DATASET CONTENT:
──────────

theorem proposition2p21:
  fixes h T :: real and M N :: nat
    and F u X :: "real \<Rightarrow> nat \<times> nat \<Rightarrow> real"
    and u0 c :: "nat \<times> nat \<Rightarrow> real"
  assumes h_pos: "h > 0" and M2: "M \<ge> 2" and N2: "N \<ge> 2" and T_pos: "T > 0"
    \<comment> \<open>reference state: \<partial>_t u + A u = F, u(0) = u0\<close>
    and u_cont: "\<forall>m \<in> interior_nodes M N. continuous_on {0..} (\<lambda>t. u t m)"
    and u_init: "\<forall>m \<in> interior_nodes M N. u 0 m = u0 m"
    and u_eq: "\<forall>m \<in> interior_nodes M N. \<forall>t > 0.
                 ((\<lambda>s. u s m) has_real_derivative (F t m - A0 M N h (u t) m)) (at t)"
    \<comment> \<open>discrete non-degeneracy condition\<close>
    and nondeg: "\<forall>t > 0. \<forall>j \<in> {1..N-1}.
                   ext0 M N (u t) (2, j) / 2 - 2 * ext0 M N (u t) (1, j) \<noteq> 0"
    \<comment> \<open>adjoint state: -\<partial>_t X + A X = c \<delta>_{t=T}, i.e. X(T) = c, -X' + AX = 0 on (0,T), X = 0 after T\<close>
    and X_cont: "\<forall>m \<in> interior_nodes M N. continuous_on {0..T} (\<lambda>t. X t m)"
    and X_eq: "\<forall>m \<in> interior_nodes M N. \<forall>t \<in> {0<..<T}.
                 ((\<lambda>s. X s m) has_real_derivative (A0 M N h (X t) m)) (at t)"
    and X_T: "\<forall>m \<in> interior_nodes M N. X T m = c m"
    and X_after: "\<forall>m \<in> interior_nodes M N. \<forall>t > T. X t m = 0"
    \<comment> \<open>orthogonality hypothesis\<close>
    and orth: "\<forall>j \<in> {1..N-1}. \<forall>\<mu>. C0_inf_pos \<mu> \<longrightarrow>
                 integral {0..T} (\<lambda>t. \<Sum>m \<in> interior_nodes M N.
                    X t m * dA M N h j (\<mu> t) (u t) m) = 0"
  shows "\<forall>t > 0. \<forall>j \<in> {1..N-1}. X t (1, j) = 0"
proof (intro allI impI ballI)
  fix t :: real and j :: nat
  assume "t > 0" and j: "j \<in> {1..N-1}"
  have node: "(1, j) \<in> interior_nodes M N" using M2 j by (auto simp: interior_nodes_def)
  show "X t (1, j) = 0"
  proof (cases "T < t")
    case True
    then show ?thesis using X_after node by blast
  next
    case False
    define g where "g s = ext0 M N (u s) (2, j) / 2 - 2 * ext0 M N (u s) (1, j)" for s
    have cont: "continuous_on {0..T} (\<lambda>s. X s (1, j) * g s)"
      using X_cont node continuous_on_subset[OF continuous_on_ext0[OF u_cont]]
      unfolding g_def by (intro continuous_intros) auto
    have vanish: "integral {0..T} (\<lambda>s. X s (1, j) * g s * bump a b s) = 0" if "0 < a" for a b
    proof -
      have "integral {0..T} (\<lambda>s. \<Sum>m \<in> interior_nodes M N.
          X s m * dA M N h j (bump a b s) (u s) m) = 0"
        using orth j C0_inf_pos_bump[OF that] by blast
      then have "integral {0..T} (\<lambda>s. X s (1, j) * bump a b s * g s / h\<^sup>2) = 0"
        unfolding sum_interior_mult_dA[OF node] g_def by simp
      then show ?thesis using h_pos by (simp add: mult.assoc mult.commute[of "g _"])
    qed
    have "X t (1, j) * g t = 0"
      by (rule eq_0_if_integrals_against_bumps_vanish[OF cont _ _ vanish])
         (use \<open>t > 0\<close> False in auto)
    moreover have "g t \<noteq> 0" using nondeg \<open>t > 0\<close> j by (simp add: g_def)
    ultimately show ?thesis by simp
  qed
qed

──────────

TASK DIRECTIONS:
Write out the entire listing exactly.

YOUR RESPONSE:
theorem proposition2p21:
  fixes h T :: real and M N :: nat
    and F u X :: "real \<Rightarrow> nat \<times> nat \<Rightarrow> real"
    and u0 c :: "nat \<times> nat \<Rightarrow> real"
  assumes h_pos: "h > 0" and M2: "M \<ge> 2" and N2: "N \<ge> 2" and T_pos: "T > 0"
    \<comment> \<open>reference state: \<partial>_t u + A u = F, u(0) = u0\<close>
    and u_cont: "\<forall>m \<in> interior_nodes M N. continuous_on {0..} (\<lambda>t. u t m)"
    and u_init: "\<forall>m \<in> interior_nodes M N. u 0 m = u0 m"
    and u_eq: "\<forall>m \<in> interior_nodes M N. \<forall>t > 0.
                 ((\<lambda>s. u s m) has_real_derivative (F t m - A0 M N h (u t) m)) (at t)"
    \<comment> \<open>discrete non-degeneracy condition\<close>
    and nondeg: "\<forall>t > 0. \<forall>j \<in> {1..N-1}.
                   ext0 M N (u t) (2, j) / 2 - 2 * ext0 M N (u t) (1, j) \<noteq> 0"
    \<comment> \<open>adjoint state: -\<partial>_t X + A X = c \<delta>_{t=T}, i.e. X(T) = c, -X' + AX = 0 on (0,T), X = 0 after T\<close>
    and X_cont: "\<forall>m \<in> interior_nodes M N. continuous_on {0..T} (\<lambda>t. X t m)"
    and X_eq: "\<forall>m \<in> interior_nodes M N. \<forall>t \<in> {0<..<T}.
                 ((\<lambda>s. X s m) has_real_derivative (A0 M N h (X t) m)) (at t)"
    and X_T: "\<forall>m \<in> interior_nodes M N. X T m = c m"
    and X_after: "\<forall>m \<in> interior_nodes M N. \<forall>t > T. X t m = 0"
    \<comment> \<open>orthogonality hypothesis\<close>
    and orth: "\<forall>j \<in> {1..N-1}. \<forall>\<mu>. C0_inf_pos \<mu> \<longrightarrow>
                 integral {0..T} (\<lambda>t. \<Sum>m \<in> interior_nodes M N.
                    X t m * dA M N h j (\<mu> t) (u t) m) = 0"
  shows "\<forall>t > 0. \<forall>j \<in> {1..N-1}. X t (1, j) = 0"
proof (intro allI impI ballI)
  fix t :: real and j :: nat
  assume "t > 0" and j: "j \<in> {1..N-1}"
  have node: "(1, j) \<in> interior_nodes M N" using M2 j by (auto simp: interior_nodes_def)
  show "X t (1, j) = 0"
  proof (cases "T < t")
    case True
    then show ?thesis using X_after node by blast
  next
    case False
    define g where "g s = ext0 M N (u s) (2, j) / 2 - 2 * ext0 M N (u s) (1, j)" for s
    have cont: "continuous_on {0..T} (\<lambda>s. X s (1, j) * g s)"
      using X_cont node continuous_on_subset[OF continuous_on_ext0[OF u_cont]]
      unfolding g_def by (intro continuous_intros) auto
    have vanish: "integral {0..T} (\<lambda>s. X s (1, j) * g s * bump a b s) = 0" if "0 < a" for a b
    proof -
      have "integral {0..T} (\<lambda>s. \<Sum>m \<in> interior_nodes M N.
          X s m * dA M N h j (bump a b s) (u s) m) = 0"
        using orth j C0_inf_pos_bump[OF that] by blast
      then have "integral {0..T} (\<lambda>s. X s (1, j) * bump a b s * g s / h\<^sup>2) = 0"
        unfolding sum_interior_mult_dA[OF node] g_def by simp
      then show ?thesis using h_pos by (simp add: mult.assoc mult.commute[of "g _"])
    qed
    have "X t (1, j) * g t = 0"
      by (rule eq_0_if_integrals_against_bumps_vanish[OF cont _ _ vanish])
         (use \<open>t > 0\<close> False in auto)
    moreover have "g t \<noteq> 0" using nondeg \<open>t > 0\<close> j by (simp add: g_def)
    ultimately show ?thesis by simp
  qed
qed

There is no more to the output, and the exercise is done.